*Work required*. Lines outside the range are not wanted. Give again exactly the lines between the line holding "x \<in> robots" and the line holding "with far have", inclusive, from the listing below.

*The input*.
lemma exec_eqosc_alg:
  assumes "\<forall>i\<in>robots. frame_ok (F i)" "B \<noteq> A" "cmod (B - A) \<le> V"
  shows "agree_on_robots (exec F V eqosc_alg (init_pos A B, \<lambda>_. 0) t)
           (line_config A B (osc_scale t), osc_light t)"
proof (induction t)
  case 0
  show ?case
    by (simp add: agree_on_robots_def init_pos_eq_line_config osc_scale_def osc_light_def)
next
  case (Suc t)
  have "agree_on_robots (fsync_step F V eqosc_alg (line_config A B (osc_scale t), osc_light t))
          (line_config A B (osc_scale (Suc t)), osc_light (Suc t))"
  proof -
    have "move_ratio (osc_light t 1) * osc_scale t = osc_scale (Suc t)"
      by (simp add: move_ratio_def osc_light_def osc_scale_def)
    moreover have "(\<lambda>i. if i = 1 then if osc_light t 0 = 4 then 2 else 1 else end_light (osc_light t 1))
                     = osc_light (Suc t)"
      by (auto simp: fun_eq_iff osc_light_def end_light_def)
    ultimately show ?thesis
      using fsync_step_line_config [OF assms, of "osc_scale t" "osc_light t" "osc_light t 0"]
      by (simp add: osc_scale_def osc_light_def)
  qed
  then show ?case
    using Suc.IH by (auto intro: agree_on_robots_trans fsync_step_cong)
qed

lemma vis_connected_init_pos_imp_le:
  assumes "vis_connected V (init_pos A B)"
  shows "cmod (B - A) \<le> V"
proof (rule ccontr)
  assume far: "\<not> cmod (B - A) \<le> V"
  let ?R = "\<lambda>x y. x \<in> robots \<and> y \<in> robots \<and> cmod (init_pos A B x - init_pos A B y) \<le> V"
  have "\<not> 2 * cmod (B - A) \<le> V"
    using far norm_ge_zero [of "B - A"] by linarith
  with far have no_edge: "?R x y \<Longrightarrow> x = y" for x y
    by (auto simp: init_pos_eq_line_config norm_line_config_diff robots_def side_def)
  have "?R\<^sup>*\<^sup>* x y \<Longrightarrow> x = y" for x y
    by (induction rule: rtranclp_induct) (auto intro: no_edge)
  moreover have "?R\<^sup>*\<^sup>* 0 1"
    using assms by (simp add: vis_connected_def robots_def)
  ultimately have "(0::nat) = 1"
    by blast
  then show False
    by simp
qed

lemma EqOsc_if_osc_scale:
  assumes "\<And>t i. i \<in> robots \<Longrightarrow> P t i = line_config A B (osc_scale t) i"
  shows "EqOsc A B P"
proof -
  have P: "P t 0 = A + of_real (osc_scale t) * (B - A)"
          "P t 1 = A"
          "P t 2 = A - of_real (osc_scale t) * (B - A)" for t
    using assms [of 0 t] assms [of 1 t] assms [of 2 t]
    by (simp_all add: robots_def line_config_def side_def)
  show ?thesis
    unfolding EqOsc_def Let_def
  proof (intro conjI allI impI)
    fix t
    show "P t 1 = A"
      by (fact P)
    show "cmod (P t 0 - P t 1) = cmod (P t 2 - P t 1)"
      unfolding P by simp
    show "\<exists>t'>t. P t' 0 = A + 2/3 * (B - A) \<and> P t' 2 = A + 2/3 * (2 * A - B - A)"
      by (rule exI [of _ "2 * t + 2"]) (simp add: P osc_scale_def field_simps)
    show "\<exists>t''>t. P t'' 0 = B \<and> P t'' 2 = 2 * A - B"
      by (rule exI [of _ "2 * t + 1"]) (simp add: P osc_scale_def algebra_simps)
  qed
qed

theorem lemma5:
  shows "EqOsc_solvable_FCOM_FSYNCH_LV"
  unfolding EqOsc_solvable_FCOM_FSYNCH_LV_def
proof (intro exI conjI allI impI)
  show "finite {0::nat, 1, 2, 3, 4}" "(0::nat) \<in> {0, 1, 2, 3, 4}"
    by simp_all
  show "snd (eqosc_alg p M) \<in> {0, 1, 2, 3, 4}" for p M
    unfolding eqosc_alg_def end_light_def by (auto split: prod.split)
  fix A B :: complex and V :: real and F :: "nat \<Rightarrow> frame"
  assume "B \<noteq> A \<and> 0 < V \<and> (\<forall>i\<in>robots. frame_ok (F i)) \<and> vis_connected V (init_pos A B)"
  then have "agree_on_robots (exec F V eqosc_alg (init_pos A B, \<lambda>_. 0) t)
               (line_config A B (osc_scale t), osc_light t)" for t
    using exec_eqosc_alg vis_connected_init_pos_imp_le by blast
  then show "EqOsc A B (\<lambda>t. fst (exec F V eqosc_alg (init_pos A B, \<lambda>_. 0) t))"
    by (intro EqOsc_if_osc_scale) (simp add: agree_on_robots_def)
qed

end
(* Let $(X,\le)$ be a poset and $E$ an equivalence relation on $X$ with ${\le}\subseteq E$. Let $\alpha:X\to X$ be an order automorphism of $(X,\le)$ and $\beta:X\to X$ a self-inverse dual order automorphism of $(X,\le)$ such that $\alpha,\beta\subseteq E$ and $\beta=\alpha\circ\beta\circ\alpha$. Set $1={\le}$ and $0=\alpha\circ({\le}^c)^\smile$, and for $R\in\mathsf{Up}(\mathbf E)$ define $R'=\alpha\circ\beta\circ R^c\circ\beta$. Then $\mathbf{Dq}(\mathbf E)=\langle\mathsf{Up}(\mathbf E),\cap,\cup,\circ,1,0,{\sim},-,'\rangle$ is a distributive quasi relation algebra. If $\alpha$ is the identity, then $\mathbf{Dq}(\mathbf E)$ is a cyclic distributive quasi relation algebra.
   Context: For binary relations: converse $R^\smile=\{(x,y)\mid(y,x)\in R\}$; composition $R\circ S=\{(x,y)\mid\exists z\,((x,z)\in R,(z,y)\in S)\}$. Functions are identified with their graphs $\{(x,\gamma(x))\}$. For a poset $(X,\le)$ and an equivalence relation $E\supseteq{\le}$, $E$ is partially ordered by $(u,v)\preceq(x,y)$ iff $x\le u$ and $v\le y$; $\mathbf E=(E,\preceq)$, $\mathsf{Up}(\mathbf E)$ is its set of up-sets. For $R\subseteq E$, $R^c=E\setminus R$. On $\mathsf{Up}(\mathbf E)$: $R\backslash S=(R^\smile\circ S^c)^c$, $R/S=(R^c\circ S^\smile)^c$, ${\sim}R=R\backslash 0$, $-R=0/R$. Order automorphism: bijection with $x\le y\iff\alpha(x)\le\alpha(y)$; dual order automorphism: bijection with $x\le y\iff\beta(y)\le\beta(x)$; self-inverse: $\beta\circ\beta=\mathrm{id}_X$. A quasi relation algebra is an algebra $\langle A,\wedge,\vee,\cdot,1,0,{\sim},-,'\rangle$ where $\langle A,\wedge,\vee,\cdot,1\rangle$ with residuals $\backslash,/$ is a residuated lattice, $0\in A$, ${\sim}a=a\backslash0$, $-a=0/a$, ${\sim}{-}a={-}{\sim}a=a$, and $'$ satisfies $a''=a$, $(a\vee b)'=a'\wedge b'$, $({\sim}a)'=-(a')$, $(a\cdot b)'=a'+b'$ where $a+b={\sim}(-b\cdot-a)$. It is distributive if its lattice reduct is distributive, cyclic if ${\sim}a=-a$ for all $a$. *)

theory Defs
  imports Main
begin

definition lat_le :: "('b \<Rightarrow> 'b \<Rightarrow> 'b) \<Rightarrow> 'b \<Rightarrow> 'b \<Rightarrow> bool" where
  "lat_le meet a b \<longleftrightarrow> meet a b = a"

definition residuated_lattice ::
  "'b set \<Rightarrow> ('b \<Rightarrow> 'b \<Rightarrow> 'b) \<Rightarrow> ('b \<Rightarrow> 'b \<Rightarrow> 'b) \<Rightarrow> ('b \<Rightarrow> 'b \<Rightarrow> 'b) \<Rightarrow> 'b
   \<Rightarrow> ('b \<Rightarrow> 'b \<Rightarrow> 'b) \<Rightarrow> ('b \<Rightarrow> 'b \<Rightarrow> 'b) \<Rightarrow> bool" where
  "residuated_lattice A meet join mult one ldiv rdiv \<longleftrightarrow>
     one \<in> A \<and>
     (\<forall>a\<in>A. \<forall>b\<in>A. meet a b \<in> A \<and> join a b \<in> A \<and> mult a b \<in> A \<and> ldiv a b \<in> A \<and> rdiv a b \<in> A) \<and>
     \<comment> \<open>lattice\<close>
     (\<forall>a\<in>A. \<forall>b\<in>A. meet a b = meet b a \<and> join a b = join b a) \<and>
     (\<forall>a\<in>A. \<forall>b\<in>A. \<forall>c\<in>A. meet (meet a b) c = meet a (meet b c) \<and> join (join a b) c = join a (join b c)) \<and>
     (\<forall>a\<in>A. \<forall>b\<in>A. meet a (join a b) = a \<and> join a (meet a b) = a) \<and>
     \<comment> \<open>monoid\<close>
     (\<forall>a\<in>A. \<forall>b\<in>A. \<forall>c\<in>A. mult (mult a b) c = mult a (mult b c)) \<and>
     (\<forall>a\<in>A. mult one a = a \<and> mult a one = a) \<and>
     \<comment> \<open>residuation\<close>
     (\<forall>a\<in>A. \<forall>b\<in>A. \<forall>c\<in>A.
        (lat_le meet (mult a b) c \<longleftrightarrow> lat_le meet b (ldiv a c)) \<and>
        (lat_le meet (mult a b) c \<longleftrightarrow> lat_le meet a (rdiv c b)))"

definition quasi_relation_algebra ::
  "'b set \<Rightarrow> ('b \<Rightarrow> 'b \<Rightarrow> 'b) \<Rightarrow> ('b \<Rightarrow> 'b \<Rightarrow> 'b) \<Rightarrow> ('b \<Rightarrow> 'b \<Rightarrow> 'b) \<Rightarrow> 'b \<Rightarrow> 'b
   \<Rightarrow> ('b \<Rightarrow> 'b) \<Rightarrow> ('b \<Rightarrow> 'b) \<Rightarrow> ('b \<Rightarrow> 'b) \<Rightarrow> bool" where
  "quasi_relation_algebra A meet join mult one zero ng mn pr \<longleftrightarrow>
     (\<exists>ldiv rdiv. residuated_lattice A meet join mult one ldiv rdiv \<and>
        (\<forall>a\<in>A. ng a = ldiv a zero \<and> mn a = rdiv zero a)) \<and>
     zero \<in> A \<and>
     (\<forall>a\<in>A. ng a \<in> A \<and> mn a \<in> A \<and> pr a \<in> A) \<and>
     (\<forall>a\<in>A. ng (mn a) = a \<and> mn (ng a) = a) \<and>
     (\<forall>a\<in>A. pr (pr a) = a) \<and>
     (\<forall>a\<in>A. \<forall>b\<in>A. pr (join a b) = meet (pr a) (pr b)) \<and>
     (\<forall>a\<in>A. pr (ng a) = mn (pr a)) \<and>
     (\<forall>a\<in>A. \<forall>b\<in>A. pr (mult a b) = ng (mult (mn (pr b)) (mn (pr a))))"
     \<comment> \<open>the last line is (a b)' = a' + b' with x + y = ~(-y \<cdot> -x)\<close>

definition distributive_qra where
  "distributive_qra A meet join mult one zero ng mn pr \<longleftrightarrow>
     quasi_relation_algebra A meet join mult one zero ng mn pr \<and>
     (\<forall>a\<in>A. \<forall>b\<in>A. \<forall>c\<in>A. meet a (join b c) = join (meet a b) (meet a c))"

definition cyclic_distributive_qra where
  "cyclic_distributive_qra A meet join mult one zero ng mn pr \<longleftrightarrow>
     distributive_qra A meet join mult one zero ng mn pr \<and> (\<forall>a\<in>A. ng a = mn a)"

definition graph :: "'a set \<Rightarrow> ('a \<Rightarrow> 'a) \<Rightarrow> ('a \<times> 'a) set" where
  "graph X f = {(x, f x) | x. x \<in> X}"

definition order_automorphism :: "'a set \<Rightarrow> ('a \<times> 'a) set \<Rightarrow> ('a \<Rightarrow> 'a) \<Rightarrow> bool" where
  "order_automorphism X le f \<longleftrightarrow> bij_betw f X X \<and>
     (\<forall>x\<in>X. \<forall>y\<in>X. (x, y) \<in> le \<longleftrightarrow> (f x, f y) \<in> le)"

definition dual_order_automorphism :: "'a set \<Rightarrow> ('a \<times> 'a) set \<Rightarrow> ('a \<Rightarrow> 'a) \<Rightarrow> bool" where
  "dual_order_automorphism X le f \<longleftrightarrow> bij_betw f X X \<and>
     (\<forall>x\<in>X. \<forall>y\<in>X. (x, y) \<in> le \<longleftrightarrow> (f y, f x) \<in> le)"
(* Let $F:\mathcal{P}(V,A)\to S_2(A)$ be an irreducible, weakly viable consular election rule satisfying SPP and SPO. Then every vertex of the range graph $\mathcal{G}(F)$ belongs to a $3$-cycle.
   Context: $V$ is a finite nonempty set of voters, $A$ a finite set of alternatives; a profile $P$ assigns to each voter $i$ a linear order $P_i$ on $A$; $P_i'P_{-i}$ replaces voter $i$'s order by $P_i'$; $P|_B$ is the profile of restrictions to $B\subseteq A$. $S_2(A)$ is the set of 2-element subsets of $A$; a consular election rule is a map $F:\mathcal{P}(V,A)\to S_2(A)$. SPO: for all $P$, $i$, $P_i'$, $\mathrm{best}(P_i,F(P))\succeq_i\mathrm{best}(P_i,F(P_i'P_{-i}))$; SPP: same with $\mathrm{worst}$, where $\mathrm{best}(P_i,W)$, $\mathrm{worst}(P_i,W)$ are the $P_i$-best and $P_i$-worst elements of $W$. Weakly viable: every $a\in A$ lies in $F(P)$ for some $P$. $F$ is reducible if there is a partition $A=B\uplus C$ and social choice functions $G:\mathcal{P}(V,B)\to B$, $H:\mathcal{P}(V,C)\to C$ with $F(P)=\{G(P|_B),H(P|_C)\}$ for all $P$; irreducible means not reducible. The range graph $\mathcal{G}(F)$ has vertex set $A$ and edge set equal to the range of $F$. *)

theory Defs
  imports Main
begin

(* A preference (linear order) on A is a relation R with linear_order_on A R;
   (x, y) \<in> R means "x is weakly preferred to y". *)

definition profiles :: "'v set \<Rightarrow> 'a set \<Rightarrow> ('v \<Rightarrow> 'a rel) set" where
  "profiles V A = {P. (\<forall>i\<in>V. linear_order_on A (P i)) \<and> (\<forall>i. i \<notin> V \<longrightarrow> P i = {})}"

definition restrict_profile :: "('v \<Rightarrow> 'a rel) \<Rightarrow> 'a set \<Rightarrow> ('v \<Rightarrow> 'a rel)" where
  "restrict_profile P B = (\<lambda>i. P i \<inter> (B \<times> B))"

definition S2 :: "'a set \<Rightarrow> 'a set set" where
  "S2 A = {W. W \<subseteq> A \<and> card W = 2}"

definition consular_rule :: "'v set \<Rightarrow> 'a set \<Rightarrow> (('v \<Rightarrow> 'a rel) \<Rightarrow> 'a set) \<Rightarrow> bool" where
  "consular_rule V A F \<longleftrightarrow> (\<forall>P\<in>profiles V A. F P \<in> S2 A)"
(* Let $A\subset\mathbb{R}$ be compact. For $m\in\mathbb{N}$ let $$A_{m,0}=P_{0}\circ P_{-1/2^m}\circ P_{-2/2^m}\circ\cdots\circ P_{(-2^{2m}+1)/2^m}\circ P_{-2^{2m}/2^m}\,A ,$$ i.e. the successive polarizations $P_{k/2^m}$ for $k=-2^{2m},-2^{2m}+1,\dots,0$ applied to $A$ in increasing order of $k$. Then $\|1_{A_{m,0}}-1_{S(A)}\|_{L^1(\mathbb{R})}\to0$ as $m\to\infty$, where $S(A)=[-r_A,r_A]\cup(A\cap[0,\infty))$ and $r_A\ge0$ is chosen so that $\mathcal H^1(S(A))=\mathcal H^1(A)$.
   Context: For $a\in\mathbb{R}$, $P_a$ denotes polarization in $\mathbb{R}$ with respect to the point $a$ and the usual orientation: writing $A'=2a-A$ for the reflection of $A$ in $a$, $P_aA=\big((A\cup A')\cap[a,\infty)\big)\cup\big((A\cap A')\cap(-\infty,a]\big)$. The set $S(A)$ is the image of $A$ under the Solynin set map with respect to $\{0\}$. *)

theory Defs
  imports "HOL-Analysis.Analysis"
begin

definition reflect_pt :: "real \<Rightarrow> real set \<Rightarrow> real set" where
  "reflect_pt a A = (\<lambda>x. 2 * a - x) ` A"

definition polarize :: "real \<Rightarrow> real set \<Rightarrow> real set" where
  "polarize a A = ((A \<union> reflect_pt a A) \<inter> {a..}) \<union> ((A \<inter> reflect_pt a A) \<inter> {..a})"

text \<open>The radius r_A >= 0 with H^1([-r,r] \<union> (A \<inter> [0,oo))) = H^1(A);
  on the real line H^1 is Lebesgue measure.\<close>
definition solynin_radius :: "real set \<Rightarrow> real" where
  "solynin_radius A = (SOME r. r \<ge> 0 \<and>
      measure lebesgue ({-r..r} \<union> (A \<inter> {0..})) = measure lebesgue A)"
text \<open>No atoms: at an atom x, ties have positive probability and strictly reduce the sale
  probability, so penalties slightly below x would earn more than the payoff u j.\<close>
lemma no_atom: assumes j: "j \<in> {1..n}" shows "measure (\<psi> j) {x} = 0"
proof (rule ccontr)
  let ?G = "\<lambda>y. sell_prob_no_tie (l-1) m (below y) (1 - below y - tie y)"
  assume "measure (\<psi> j) {x} \<noteq> 0"
  then have pos: "0 < measure (\<psi> j) {x}" using measure_nonneg[of "\<psi> j" "{x}"] by linarith
  then have br: "\<phi> j x = u j" using best_response_exists[OF j _ pos] by auto
  note xv = best_response_props(1)[OF j br] and fx = best_response_props(2)[OF j br]
  have "q j * measure (\<psi> j) {x} \<le> tie x" unfolding rival_eq_def
    using j by (intro member_le_sum) (auto intro!: mult_nonneg_nonneg q_nonneg)
  moreover have "0 < q j * measure (\<psi> j) {x}" using pos qpos j by simp
  ultimately have tie_pos: "0 < tie x" by linarith
  have "u j = (f j x - c) * sell_prob (l-1) m (below x) (tie x)"
    using br xv by (simp add: profit_def sale_prob_eq)
  also have "\<dots> < (f j x - c) * sell_prob_no_tie (l-1) m (below x) (1 - below x)"
    using sell_prob_lt_no_tie[OF below_nonneg tie_pos _ m1] below_plus_tie_lt_1[of x] ml fx
    by (intro mult_strict_left_mono) auto
  finally have u_lt: "u j < (f j x - c) * sell_prob_no_tie (l-1) m (below x) (1 - below x)" .
  have ev: "eventually (\<lambda>y. u j < (f j y - c) * ?G y \<and> y < x) (at_left x)"
  proof (rule eventually_conj)
    show "eventually (\<lambda>y. y < x) (at_left x)"
      unfolding eventually_at_left_field by (intro exI[of _ "x - 1"]) auto
  qed (rule order_tendstoD(1)[OF profit_no_tie_at_left[OF j] u_lt])
  have no_tie_le: "(f j y - c) * ?G y \<le> \<phi> j y" if "y < x" "u j < (f j y - c) * ?G y" for y
  proof (rule profit_ge_no_tie)
    show "y \<le> v" using that(1) xv by simp
    have "0 < ?G y"
      using sell_prob_no_tie_pos[OF below_nonneg _ m1] below_plus_tie_lt_1[of y] by simp
    moreover have "0 < (f j y - c) * ?G y" using that(2) u_pos[OF j] by linarith
    ultimately show "0 \<le> f j y - c" by (simp add: zero_less_mult_iff)
  qed
  have "eventually (\<lambda>y. False) (at_left x)"
    using ev
  proof eventually_elim
    case (elim y)
    then show False using no_tie_le[of y] profit_le_u[OF j, of y] by linarith
  qed
  then show False by (simp add: eventually_False)
qed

*Exercise result*.
  let ?R = "\<lambda>x y. x \<in> robots \<and> y \<in> robots \<and> cmod (init_pos A B x - init_pos A B y) \<le> V"
  have "\<not> 2 * cmod (B - A) \<le> V"
    using far norm_ge_zero [of "B - A"] by linarith
  with far have no_edge: "?R x y \<Longrightarrow> x = y" for x y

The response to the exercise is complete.